Segment Start: RECORD SET

(* Let $R$ be a unital commutative Hausdorff topological ring with dense group of units, $E\in\mathrm{TopSMod}_R$ and $\lambda\in\Lambda^\infty$. A subset $U\subset\underline E(\lambda)$ is open in the DeWitt topology if and only if $U=\underline E(\eta)(V)+\underline E(\lambda)^+$ for some open $V\subset E_0$; likewise $U\subset E\otimes\lambda$ is DeWitt-open if and only if $U=V\otimes1+E\otimes\lambda^+$ for some open $V\subset E$. The DeWitt topology on $\underline E(\lambda)$ is a $\lambda_0$-module topology, and the DeWitt topology on $E\otimes\lambda$ is a $\lambda$-module topology.
   Context: $\lambda^n=R[\theta_1,\dots,\theta_n]$ ($n\in\mathbb N$, $\lambda^0=R$) and $\lambda^\infty=R[\theta_i:i\in\mathbb N]$ are Grassmann algebras on odd generators ($\lambda^n=\bigoplus_IR\theta_I$ product topology; $\lambda^\infty$ direct limit topology). $\Lambda^\infty$: category with objects these algebras and morphisms even unital $R$-algebra morphisms. For $\lambda\in\Lambda^\infty$, $\varepsilon:\lambda\to R$ is the morphism killing all $\theta_i$, $\eta:R\to\lambda$ the unit map, $\lambda^+=\ker\varepsilon$. $\mathrm{TopSMod}_R$: Hausdorff graded topological $R$-modules $E=E_0\oplus E_1$. $E\otimes\lambda^N=\prod_{|I|\le N}E\theta_I$, $E\otimes\lambda^\infty=\varinjlim_NE\otimes\lambda^N$; $\underline E(\lambda)=(E\otimes\lambda)_0=E_0\otimes\lambda_0\oplus E_1\otimes\lambda_1$, $\underline E(\varphi)=(\mathrm{id}\otimes\varphi)|$, $\underline E(\lambda)^+=(E\otimes\lambda^+)_0$. The DeWitt topology on $\underline E(\lambda)$ (resp. $E\otimes\lambda$) is the coarsest topology for which $\underline E(\varepsilon):\underline E(\lambda)\to E_0$ (resp. $\mathrm{id}\otimes\varepsilon:E\otimes\lambda\to E$) is continuous. A $\lambda_0$-module topology is one making addition and scalar multiplication $\lambda_0\times\underline E(\lambda)\to\underline E(\lambda)$ continuous (with the given topology on $\lambda_0$). *)

theory Defs
  imports "HOL-Analysis.Analysis" "HOL-Library.Extended_Nat"
begin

Segment End: RECORD SET

WHAT YOU HAVE TO DO
What's wanted is each line above, transcribed with nothing altered.

ANSWER TO THIS EXERCISE
(* Let $R$ be a unital commutative Hausdorff topological ring with dense group of units, $E\in\mathrm{TopSMod}_R$ and $\lambda\in\Lambda^\infty$. A subset $U\subset\underline E(\lambda)$ is open in the DeWitt topology if and only if $U=\underline E(\eta)(V)+\underline E(\lambda)^+$ for some open $V\subset E_0$; likewise $U\subset E\otimes\lambda$ is DeWitt-open if and only if $U=V\otimes1+E\otimes\lambda^+$ for some open $V\subset E$. The DeWitt topology on $\underline E(\lambda)$ is a $\lambda_0$-module topology, and the DeWitt topology on $E\otimes\lambda$ is a $\lambda$-module topology.
   Context: $\lambda^n=R[\theta_1,\dots,\theta_n]$ ($n\in\mathbb N$, $\lambda^0=R$) and $\lambda^\infty=R[\theta_i:i\in\mathbb N]$ are Grassmann algebras on odd generators ($\lambda^n=\bigoplus_IR\theta_I$ product topology; $\lambda^\infty$ direct limit topology). $\Lambda^\infty$: category with objects these algebras and morphisms even unital $R$-algebra morphisms. For $\lambda\in\Lambda^\infty$, $\varepsilon:\lambda\to R$ is the morphism killing all $\theta_i$, $\eta:R\to\lambda$ the unit map, $\lambda^+=\ker\varepsilon$. $\mathrm{TopSMod}_R$: Hausdorff graded topological $R$-modules $E=E_0\oplus E_1$. $E\otimes\lambda^N=\prod_{|I|\le N}E\theta_I$, $E\otimes\lambda^\infty=\varinjlim_NE\otimes\lambda^N$; $\underline E(\lambda)=(E\otimes\lambda)_0=E_0\otimes\lambda_0\oplus E_1\otimes\lambda_1$, $\underline E(\varphi)=(\mathrm{id}\otimes\varphi)|$, $\underline E(\lambda)^+=(E\otimes\lambda^+)_0$. The DeWitt topology on $\underline E(\lambda)$ (resp. $E\otimes\lambda$) is the coarsest topology for which $\underline E(\varepsilon):\underline E(\lambda)\to E_0$ (resp. $\mathrm{id}\otimes\varepsilon:E\otimes\lambda\to E$) is continuous. A $\lambda_0$-module topology is one making addition and scalar multiplication $\lambda_0\times\underline E(\lambda)\to\underline E(\lambda)$ continuous (with the given topology on $\lambda_0$). *)

theory Defs
  imports "HOL-Analysis.Analysis" "HOL-Library.Extended_Nat"
begin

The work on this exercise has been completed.